(* For all $n\ge k\ge3$, $$\mathbf{Sf}_{n,k}(p,1)\big|_{p^1}=\binom{k-1}{2}\binom{n-1}{k}.$$
   Context: $F_1(p,q)=q$, $F_2(p,q)=q^2$ and $F_m(p,q)=qF_{m-1}(p,q)+pF_{m-2}(p,q)$ for $m\ge3$. Let $(x)_{\downarrow_{F,p,q,0}}=1$ and $(x)_{\downarrow_{F,p,q,k}}=x(x-F_1(p,q))\cdots(x-F_{k-1}(p,q))$ for $k\ge1$. Define the polynomials $\mathbf{Sf}_{n,k}(p,q)$ for $0\le k\le n$ by $x^n=\sum_{k=0}^n\mathbf{Sf}_{n,k}(p,q)(x)_{\downarrow_{F,p,q,k}}$. $\mathbf{Sf}_{n,k}(p,1)$ is the specialization $q=1$, and $f|_{p^s}$ denotes the coefficient of $p^s$ in the polynomial $f$ in $p$. *)

theory Defs
  imports "HOL-Computational_Algebra.Polynomial"
begin

text \<open>Elements of Z[p,q] are represented as int poly poly: the outer polynomial
variable is q, coefficients are polynomials in p over the integers.\<close>

definition pvar :: "int poly poly" where "pvar = [:[:0, 1:]:]"
definition qvar :: "int poly poly" where "qvar = [:0, 1:]"

text \<open>F m (p,q); the value at m = 0 is an unused convention.\<close>
fun Fpq :: "nat \<Rightarrow> int poly poly" where
  "Fpq 0 = 0"
| "Fpq (Suc 0) = qvar"
| "Fpq (Suc (Suc 0)) = qvar ^ 2"
| "Fpq (Suc (Suc (Suc m))) = qvar * Fpq (Suc (Suc m)) + pvar * Fpq (Suc m)"

text \<open>Generalised falling factorial as a polynomial in x over Z[p,q].\<close>
definition ffac :: "nat \<Rightarrow> int poly poly poly" where
  "ffac k = (if k = 0 then 1 else [:0, 1:] * (\<Prod>i\<in>{1..<k}. [:- Fpq i, 1:]))"

definition Sf :: "nat \<Rightarrow> nat \<Rightarrow> int poly poly" where
  "Sf n k = (THE c :: nat \<Rightarrow> int poly poly.
       monom 1 n = (\<Sum>j\<le>n. [:c j:] * ffac j) \<and> (\<forall>j>n. c j = 0)) k"

end

theory Submission
  imports Defs
begin

text \<open>Since x ffac(k) = ffac(k+1) + F_k ffac(k) and the monic polynomials
  ffac(k) form a basis, Sf satisfies the triangular recurrence
  Sf(n+1,k) = Sf(n,k-1) + F_k Sf(n,k).  At q = 1 we have F_k \<equiv> 1 + (k-2) p modulo p^2,
  so the constant terms in p obey Pascal's rule, Sf(n,k)(0,1) = C(n-1,k-1), and the
  coefficients of p obey the same rule with the inhomogeneity (k-2) C(n-1,k-1),
  which is solved by C(k-1,2) C(n-1,k).\<close>

fun fib_stirling :: "nat \<Rightarrow> nat \<Rightarrow> int poly poly" where
  "fib_stirling 0 k = (if k = 0 then 1 else 0)"
| "fib_stirling (Suc n) k =
     (case k of 0 \<Rightarrow> 0 | Suc j \<Rightarrow> fib_stirling n j) + Fpq k * fib_stirling n k"

lemma fib_stirling_eq_0: "n < k \<Longrightarrow> fib_stirling n k = 0"
  by (induction n arbitrary: k) (auto split: nat.split)

lemma fib_stirling_Suc_0: "fib_stirling (Suc n) 0 = 0"
  by simp

lemma ffac_Suc: "ffac (Suc k) = ffac k * [:- Fpq k, 1:]"
  by (cases k) (simp_all add: ffac_def prod.atLeastLessThan_Suc mult.assoc)

lemma degree_ffac: "degree (ffac k) = k" and lead_coeff_ffac: "lead_coeff (ffac k) = 1"
proof (induction k)
  case 0
  show "degree (ffac 0) = 0" and "lead_coeff (ffac 0) = 1" by (simp_all add: ffac_def)
next
  case (Suc k)
  then have "ffac k \<noteq> 0" by auto
  then have "degree (ffac (Suc k)) = degree (ffac k) + 1"
    unfolding ffac_Suc by (subst degree_mult_eq) simp_all
  moreover have "lead_coeff (ffac (Suc k)) = lead_coeff (ffac k)"
    unfolding ffac_Suc lead_coeff_mult by simp
  ultimately show "degree (ffac (Suc k)) = Suc k" and "lead_coeff (ffac (Suc k)) = 1"
    using Suc.IH by simp_all
qed

lemma x_times_ffac: "[:0, 1:] * ffac k = ffac (Suc k) + smult (Fpq k) (ffac k)"
  by (simp add: ffac_Suc algebra_simps)

lemma monom_eq_sum_fib_stirling_ffac:
  "monom 1 n = (\<Sum>k\<le>n. smult (fib_stirling n k) (ffac k))"
proof (induction n)
  case 0
  then show ?case by (simp add: ffac_def)
next
  case (Suc n)
  have "monom 1 (Suc n) = [:0, 1:] * monom (1 :: int poly poly) n"
    by (simp add: monom_Suc)
  also have "\<dots> = (\<Sum>k\<le>n. smult (fib_stirling n k) ([:0, 1:] * ffac k))"
    by (simp add: Suc sum_distrib_left mult_smult_right)
  also have "\<dots> = (\<Sum>k\<le>n. smult (fib_stirling n k) (ffac (Suc k)))
                  + (\<Sum>k\<le>n. smult (Fpq k * fib_stirling n k) (ffac k))"
    unfolding x_times_ffac smult_add_right smult_smult sum.distrib by (simp add: mult.commute)
  also have "(\<Sum>k\<le>n. smult (Fpq k * fib_stirling n k) (ffac k))
           = (\<Sum>k\<le>Suc n. smult (Fpq k * fib_stirling n k) (ffac k))"
    by (simp add: fib_stirling_eq_0)
  also have "(\<Sum>k\<le>n. smult (fib_stirling n k) (ffac (Suc k)))
           = (\<Sum>k\<le>Suc n. smult (case k of 0 \<Rightarrow> 0 | Suc j \<Rightarrow> fib_stirling n j) (ffac k))"
    by (simp add: sum.atMost_Suc_shift del: sum.atMost_Suc)
  finally show ?case
    by (simp add: sum.distrib[symmetric] smult_add_left)
qed

lemma sum_smult_ffac_eq_0_imp:
  assumes "(\<Sum>k\<le>n. smult (c k) (ffac k)) = 0" and "k \<le> n"
  shows "c k = 0"
  using assms
proof (induction n arbitrary: k)
  case 0
  then show ?case by (simp add: ffac_def)
next
  case (Suc n)
  have "coeff (\<Sum>k\<le>Suc n. smult (c k) (ffac k)) (Suc n) = c (Suc n)"
    using lead_coeff_ffac[of "Suc n"]
    by (simp add: coeff_sum coeff_eq_0 degree_ffac)
  with Suc.prems have top: "c (Suc n) = 0" by simp
  with Suc.prems have "(\<Sum>k\<le>n. smult (c k) (ffac k)) = 0" by simp
  with Suc top show ?case by (cases "k = Suc n") auto
qed

lemma Sf_eq_fib_stirling: "Sf n k = fib_stirling n k"
proof -
  have "(THE c. monom 1 n = (\<Sum>j\<le>n. [:c j:] * ffac j) \<and> (\<forall>j>n. c j = 0))
        = fib_stirling n"
  proof (rule the_equality)
    show "monom 1 n = (\<Sum>j\<le>n. [:fib_stirling n j:] * ffac j) \<and> (\<forall>j>n. fib_stirling n j = 0)"
      using monom_eq_sum_fib_stirling_ffac fib_stirling_eq_0 by simp
  next
    fix c
    assume c: "monom 1 n = (\<Sum>j\<le>n. [:c j:] * ffac j) \<and> (\<forall>j>n. c j = 0)"
    then have "(\<Sum>j\<le>n. smult (c j - fib_stirling n j) (ffac j)) = 0"
      using monom_eq_sum_fib_stirling_ffac[of n]
      by (simp add: smult_diff_left sum_subtractf)
    then have "c j = fib_stirling n j" if "j \<le> n" for j
      using sum_smult_ffac_eq_0_imp that by fastforce
    moreover have "c j = fib_stirling n j" if "n < j" for j
      using c fib_stirling_eq_0 that by simp
    ultimately show "c = fib_stirling n"
      by (meson ext not_le)
  qed
  then show ?thesis unfolding Sf_def by simp
qed

lemma coeff_mult_1:
  fixes a b :: "'a::comm_semiring_0 poly"
  shows "coeff (a * b) 1 = coeff a 0 * coeff b 1 + coeff a 1 * coeff b 0"
  by (simp add: coeff_mult)

lemma poly_Fpq_q1_Suc_Suc_Suc:
  "poly (Fpq (Suc (Suc (Suc m)))) 1 = poly (Fpq (Suc (Suc m))) 1 + [:0, 1:] * poly (Fpq (Suc m)) 1"
  by (simp add: pvar_def qvar_def)

lemma coeff_0_Fpq_q1: "0 < m \<Longrightarrow> coeff (poly (Fpq m) 1) 0 = 1"
proof (induction m rule: Fpq.induct)
  case (4 m)
  then show ?case unfolding poly_Fpq_q1_Suc_Suc_Suc by simp
qed (simp_all add: qvar_def)

lemma coeff_1_Fpq_q1: "coeff (poly (Fpq m) 1) 1 = int (m - 2)"
proof (induction m rule: Fpq.induct)
  case (4 m)
  then show ?case
    unfolding poly_Fpq_q1_Suc_Suc_Suc coeff_add coeff_mult_1 by (simp add: coeff_0_Fpq_q1)
qed (simp_all add: qvar_def)

lemma poly_fib_stirling_q1_Suc_Suc:
  "poly (fib_stirling (Suc n) (Suc k)) 1
   = poly (fib_stirling n k) 1 + poly (Fpq (Suc k)) 1 * poly (fib_stirling n (Suc k)) 1"
  by simp

lemma coeff_0_fib_stirling_q1:
  "coeff (poly (fib_stirling (Suc n) (Suc k)) 1) 0 = int (n choose k)"
proof (induction n arbitrary: k)
  case 0
  then show ?case by (cases k) (simp_all add: qvar_def)
next
  case (Suc n)
  have "coeff (poly (fib_stirling (Suc (Suc n)) (Suc k)) 1) 0
      = coeff (poly (fib_stirling (Suc n) k) 1) 0
        + coeff (poly (fib_stirling (Suc n) (Suc k)) 1) 0"
    unfolding poly_fib_stirling_q1_Suc_Suc coeff_add coeff_mult_0
    by (simp only: coeff_0_Fpq_q1 zero_less_Suc mult_1)
  also have "\<dots> = int (Suc n choose k)"
    using Suc.IH by (cases k) (simp_all del: fib_stirling.simps add: fib_stirling_Suc_0)
  finally show ?case .
qed

lemma coeff_1_fib_stirling_q1_Suc:
  "coeff (poly (fib_stirling (Suc n) k) 1) 1 = int ((k - 1) choose 2) * int (n choose k)"
proof (induction n arbitrary: k)
  case 0
  then show ?case by (cases k) (simp_all add: qvar_def)
next
  case (Suc n)
  show ?case
  proof (cases k)
    case 0
    then show ?thesis by (simp only: fib_stirling_Suc_0) simp
  next
    case (Suc j)
    have choose_2_Suc: "int (j choose 2) = int ((j - 1) choose 2) + int (j - 1)"
      by (cases j) (simp_all add: numeral_2_eq_2)
    have "coeff (poly (fib_stirling (Suc (Suc n)) (Suc j)) 1) 1
        = coeff (poly (fib_stirling (Suc n) j) 1) 1
          + coeff (poly (fib_stirling (Suc n) (Suc j)) 1) 1
          + int (j - 1) * coeff (poly (fib_stirling (Suc n) (Suc j)) 1) 0"
      unfolding poly_fib_stirling_q1_Suc_Suc coeff_add coeff_mult_1
      by (simp only: coeff_0_Fpq_q1 coeff_1_Fpq_q1 zero_less_Suc) simp
    also have "\<dots> = int ((j - 1) choose 2) * int (n choose j)
                   + int (j choose 2) * int (n choose Suc j) + int (j - 1) * int (n choose j)"
      by (simp only: Suc.IH coeff_0_fib_stirling_q1) simp
    also have "\<dots> = int (j choose 2) * int (Suc n choose Suc j)"
      by (simp add: choose_2_Suc algebra_simps)
    finally show ?thesis using \<open>k = Suc j\<close> by simp
  qed
qed

lemma coeff_1_fib_stirling_q1:
  "coeff (poly (fib_stirling n k) 1) 1 = int ((k - 1) choose 2) * int ((n - 1) choose k)"
proof (cases n)
  case 0
  then show ?thesis by simp
next
  case (Suc m)
  then show ?thesis using coeff_1_fib_stirling_q1_Suc[of m k] by (simp only: diff_Suc_1)
qed

theorem theorem12:
  fixes n k :: nat
  assumes "3 \<le> k" and "k \<le> n"
  shows "coeff (poly (Sf n k) 1) 1 = int ((k - 1) choose 2) * int ((n - 1) choose k)"
  unfolding Sf_eq_fib_stirling by (rule coeff_1_fib_stirling_q1)

end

-=-=-=-=-

» YOUR ASSIGNMENT
If the word "coefficients" is on a line above, return that line.

» EXERCISE ANSWER
variable is q, coefficients are polynomials in p over the integers.\<close>
  coefficients of p obey the same rule with the inhomogeneity (k-2) C(n-1,k-1),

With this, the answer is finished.